As time passed, Charles begged his grandmother for news of his mother and baby brother. All she told him was that they were still in the hospital. At last his mother returned to his grandmother’s hut with Zachariah. This time Charles immediately recognized her. She looked much better and even gave him a hug. Zachariah’s hands and head were healing too, with the help of the ointment that was rubbed on his wounds every morning and evening.

After his mother’s return to Kathithyamaa, questions continued to plague Charles: What would happen next? Would his mother creep out in the night and return to his monster of a father? And if so, would she take the baby with her? Surely, Charles thought, she would not go back to his father after her latest beating.

As it turned out, Daudi came to Rhoda. One day about a month later, he appeared at the door of Charles’s grandmother’s hut. Charles instantly recognized his father’s short, muscular frame at the door and tried to shrink from his sight. He needn’t have bothered. His father totally ignored him as he stepped inside.

It did not take long for word to spread throughout Kathithyamaa about Daudi’s return. Soon the hut was crowded with uncles.

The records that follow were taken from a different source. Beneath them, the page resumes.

(* Let $H_0$ be a lattice Hamiltonian satisfying the Lieb–Robinson bound described in the context, let $\gamma>0$ and let $G$ be an even integrable filter function. If $O$ is an operator supported on a set $A$, then for every $l$ there is an operator $W^l_{\gamma,G}(O)$ supported on $b_l(A)$ such that $$\Vert W_{\gamma,G}(O)-W^l_{\gamma,G}(O)\Vert\le\Bigl\{\int_{|u|\ge l\gamma/v_{LR}}|G(u)|\,du+g(l)|A|\int|G(u)|\,du\Bigr\}\Vert O\Vert.$$
   Context: Finite lattice with metric ${\rm dist}$, finite-dimensional site Hilbert spaces; $H_0=\sum_Z H_Z$ with $H_Z$ Hermitian supported on $Z$, ${\rm diam}(Z)\le R$, $\sup_i\sum_{Z\ni i}\Vert H_Z\Vert\le J$. $b_l(A)$ = sites within distance $l$ of $A$, $|A|$ = cardinality. Lieb–Robinson bound: there are $v_{LR}>0$ and a function $g$ (decaying faster than exponentially in $l/R$) such that for any $O$ supported on $A$, any $l$ and any $|t|\le l/v_{LR}$, $e^{iH_0t}Oe^{-iH_0t}$ can be approximated by an operator supported on $b_l(A)$ within operator-norm error $\frac{v_{LR}|t|}{l}g(l)|A|\Vert O\Vert$. The operator filtered below energy $\gamma$ is $W_{\gamma,G}(O)=\gamma\int dt\,G(\gamma t)e^{iH_0t}Oe^{-iH_0t}$, where the filter $G$ is an even, rapidly decaying function whose Fourier transform $\tilde G(\omega)=\int G(t)e^{i\omega t}dt$ is close to $0$ for $|\omega|\ge1$ and close to $1$ for $|\omega|\le 1/2$. *)

theory Defs
  imports "HOL-Analysis.Analysis"
begin

text \<open>Sites form the finite type 'a (a finite metric space).
 Site i carries the Hilbert space C^(d i). Basis states of the full Hilbert space are
 configurations sigma with sigma i < d i. Operators are given by their matrix entries
 on configurations (entries outside the configuration set are irrelevant).\<close>

type_synonym 'a cfg = "'a \<Rightarrow> nat"
type_synonym 'a qop = "'a cfg \<Rightarrow> 'a cfg \<Rightarrow> complex"

definition conf :: "('a \<Rightarrow> nat) \<Rightarrow> 'a cfg set" where
  "conf d = {\<sigma>. \<forall>i. \<sigma> i < d i}"

definition op_mult :: "('a \<Rightarrow> nat) \<Rightarrow> 'a qop \<Rightarrow> 'a qop \<Rightarrow> 'a qop" where
  "op_mult d X Y = (\<lambda>\<sigma> \<tau>. \<Sum>\<rho>\<in>conf d. X \<sigma> \<rho> * Y \<rho> \<tau>)"

definition op_id :: "'a qop" where
  "op_id = (\<lambda>\<sigma> \<tau>. if \<sigma> = \<tau> then 1 else 0)"

primrec op_pow :: "('a \<Rightarrow> nat) \<Rightarrow> 'a qop \<Rightarrow> nat \<Rightarrow> 'a qop" where
  "op_pow d X 0 = op_id"
| "op_pow d X (Suc k) = op_mult d X (op_pow d X k)"

definition op_exp :: "('a \<Rightarrow> nat) \<Rightarrow> 'a qop \<Rightarrow> 'a qop" where
  "op_exp d X = (\<lambda>\<sigma> \<tau>. \<Sum>k. op_pow d X k \<sigma> \<tau> / of_nat (fact k))"

definition op_diff :: "'a qop \<Rightarrow> 'a qop \<Rightarrow> 'a qop" where
  "op_diff X Y = (\<lambda>\<sigma> \<tau>. X \<sigma> \<tau> - Y \<sigma> \<tau>)"

definition op_apply :: "('a \<Rightarrow> nat) \<Rightarrow> 'a qop \<Rightarrow> ('a cfg \<Rightarrow> complex) \<Rightarrow> ('a cfg \<Rightarrow> complex)" where
  "op_apply d X v = (\<lambda>\<sigma>. \<Sum>\<tau>\<in>conf d. X \<sigma> \<tau> * v \<tau>)"

definition vec_norm :: "('a \<Rightarrow> nat) \<Rightarrow> ('a cfg \<Rightarrow> complex) \<Rightarrow> real" where
  "vec_norm d v = sqrt (\<Sum>\<sigma>\<in>conf d. (cmod (v \<sigma>))^2)"

definition op_norm :: "('a \<Rightarrow> nat) \<Rightarrow> 'a qop \<Rightarrow> real" where
  "op_norm d X = Sup {vec_norm d (op_apply d X v) | v. vec_norm d v \<le> 1}"

definition hermitian :: "('a \<Rightarrow> nat) \<Rightarrow> 'a qop \<Rightarrow> bool" where
  "hermitian d X = (\<forall>\<sigma>\<in>conf d. \<forall>\<tau>\<in>conf d. X \<sigma> \<tau> = cnj (X \<tau> \<sigma>))"
lemma cross_term_inequality:
  fixes a1 a2 r1 r2 p q m :: real
  assumes a: "0 \<le> a1" "0 \<le> a2" and r: "0 \<le> r1" "0 \<le> r2" and m: "0 \<le> m" "m \<le> 1"
    and pq: "p\<^sup>2 + q\<^sup>2 = r1\<^sup>2 * r2\<^sup>2"
    and X_nonneg: "0 \<le> (a1 * r1 - a2 * r2) * (r1 - r2)"
    and radial: "2 * m * (a2 - a1)\<^sup>2 * r1 * r2 \<le> (1 - m)\<^sup>2 * (a1 + a2) * (a1 * r1 - a2 * r2) * (r1 - r2)"
  shows "2 * sqrt m * \<bar>(a2 - a1) * q\<bar> \<le> (1 - m) * (a1 * r1\<^sup>2 + a2 * r2\<^sup>2 - (a1 + a2) * p)"
proof -
  define X where "X = (a1 * r1 - a2 * r2) * (r1 - r2)"
  define R where "R = r1 * r2"
  define Y where "Y = (a1 + a2) * (R - p)"
  have R: "0 \<le> R" using r by (simp add: R_def)
  have "p\<^sup>2 \<le> R\<^sup>2" using pq by (simp add: R_def power_mult_distrib) (metis le_add_same_cancel1 zero_le_power2)
  then have pR: "p \<le> R" using R power2_le_imp_le by blast
  have Y: "0 \<le> Y" using a pR by (simp add: Y_def)
  have "q\<^sup>2 = (R - p) * (R + p)" using pq by (simp add: R_def power2_eq_square algebra_simps)
  also have "\<dots> \<le> (R - p) * (2 * R)" using pR by (intro mult_left_mono) auto
  finally have q2: "q\<^sup>2 \<le> 2 * R * (R - p)" by (simp add: algebra_simps)
  have "(2 * sqrt m * \<bar>(a2 - a1) * q\<bar>)\<^sup>2 = 4 * m * (a2 - a1)\<^sup>2 * q\<^sup>2"
    using m by (simp add: power_mult_distrib power2_abs)
  also have "\<dots> \<le> 4 * m * (a2 - a1)\<^sup>2 * (2 * R * (R - p))"
    using q2 m by (intro mult_left_mono) auto
  also have "\<dots> = 4 * (R - p) * (2 * m * (a2 - a1)\<^sup>2 * r1 * r2)" by (simp add: R_def algebra_simps)
  also have "\<dots> \<le> 4 * (R - p) * ((1 - m)\<^sup>2 * (a1 + a2) * X)"
    using radial pR unfolding X_def by (intro mult_left_mono) (auto simp: algebra_simps)
  also have "\<dots> = (1 - m)\<^sup>2 * (4 * X * Y)" by (simp add: Y_def algebra_simps)
  also have "\<dots> \<le> (1 - m)\<^sup>2 * (X + Y)\<^sup>2"
  proof (intro mult_left_mono)
    have "(X + Y)\<^sup>2 - 4 * X * Y = (X - Y)\<^sup>2" by (simp add: power2_eq_square algebra_simps)
    then show "4 * X * Y \<le> (X + Y)\<^sup>2" by (metis diff_ge_0_iff_ge zero_le_power2)
  qed simp
  also have "\<dots> = ((1 - m) * (X + Y))\<^sup>2" by (simp add: power_mult_distrib)
  finally have "(2 * sqrt m * \<bar>(a2 - a1) * q\<bar>)\<^sup>2 \<le> ((1 - m) * (X + Y))\<^sup>2" .
  moreover have "0 \<le> (1 - m) * (X + Y)" using m X_nonneg Y by (simp add: X_def)
  ultimately have "2 * sqrt m * \<bar>(a2 - a1) * q\<bar> \<le> (1 - m) * (X + Y)" using power2_le_imp_le by blast
  moreover have "X + Y = a1 * r1\<^sup>2 + a2 * r2\<^sup>2 - (a1 + a2) * p"
    by (simp add: X_def Y_def R_def power2_eq_square algebra_simps)
  ultimately show ?thesis by simp
qed

lemma sector_inequality:
  fixes a1 a2 m :: real and z1 z2 :: complex
  assumes a: "0 \<le> a1" "0 \<le> a2" and m: "0 \<le> m" "m \<le> 1"
    and X_nonneg: "0 \<le> (a1 * cmod z1 - a2 * cmod z2) * (cmod z1 - cmod z2)"
    and radial: "2 * m * (a2 - a1)\<^sup>2 * cmod z1 * cmod z2
      \<le> (1 - m)\<^sup>2 * (a1 + a2) * (a1 * cmod z1 - a2 * cmod z2) * (cmod z1 - cmod z2)"
  defines "Z \<equiv> (complex_of_real a1 * z1 - complex_of_real a2 * z2) * cnj (z1 - z2)"
  shows "2 * sqrt m * \<bar>Im Z\<bar> \<le> (1 - m) * Re Z"
proof -
  define p where "p = Re z1 * Re z2 + Im z1 * Im z2"
  define q where "q = Im z1 * Re z2 - Re z1 * Im z2"
  have r1: "(cmod z1)\<^sup>2 = (Re z1)\<^sup>2 + (Im z1)\<^sup>2" and r2: "(cmod z2)\<^sup>2 = (Re z2)\<^sup>2 + (Im z2)\<^sup>2"
    by (simp_all add: cmod_power2)
  have pq: "p\<^sup>2 + q\<^sup>2 = (cmod z1)\<^sup>2 * (cmod z2)\<^sup>2"
    unfolding r1 r2 p_def q_def by (simp add: power2_eq_square algebra_simps)
  have "Im Z = (a2 - a1) * q"
    by (simp add: Z_def q_def algebra_simps)
  moreover have "Re Z = a1 * (cmod z1)\<^sup>2 + a2 * (cmod z2)\<^sup>2 - (a1 + a2) * p"
    unfolding Z_def p_def r1 r2 by (simp add: power2_eq_square algebra_simps)
  ultimately show ?thesis
    using cross_term_inequality[OF a norm_ge_zero norm_ge_zero m pq X_nonneg radial] by simp
qed

lemma pmap_eq_radial_weight: "m \<noteq> 1 \<Longrightarrow> pmap m eps z = complex_of_real (radial_weight m eps (cmod z)) * z"
  by (simp add: pmap_def radial_weight_def)

theorem lemma5p7:
  fixes m eps :: real and z1 z2 :: complex
  assumes "0 \<le> m" and "m \<le> 1" and "0 \<le> eps"
    and "m = 0 \<and> eps = 0 \<longrightarrow> z1 * z2 \<noteq> 0"
  shows "2 * sqrt m * \<bar>Im ((pmap m eps z1 - pmap m eps z2) * cnj (z1 - z2))\<bar>
           \<le> (1 - m) * Re ((pmap m eps z1 - pmap m eps z2) * cnj (z1 - z2))"
proof (cases "m = 1")
  case True
  then show ?thesis by (simp add: pmap_def algebra_simps)
next
  case False
  note m = assms(1,2) and eps = assms(3)
  show ?thesis
    unfolding pmap_eq_radial_weight[OF False]
    using sector_inequality[OF radial_weight_nonneg radial_weight_nonneg m
        radial_inequality[OF m eps norm_ge_zero norm_ge_zero]] .
qed

end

Charles was told to step outside, though he could still hear everything that was going on inside.

“You should be ashamed leaving that boy to fend for himself,” one uncle said.

“We know what you are up to. You cannot come back here to live. We don’t want you,” another said. “And if you don’t take better care of your wife, we will report you to the clan elders.”

Charles found satisfaction in thinking about that possibility. He knew that the clan elders stepped in to hear only serious offenses, but when they did, justice was swift and severe.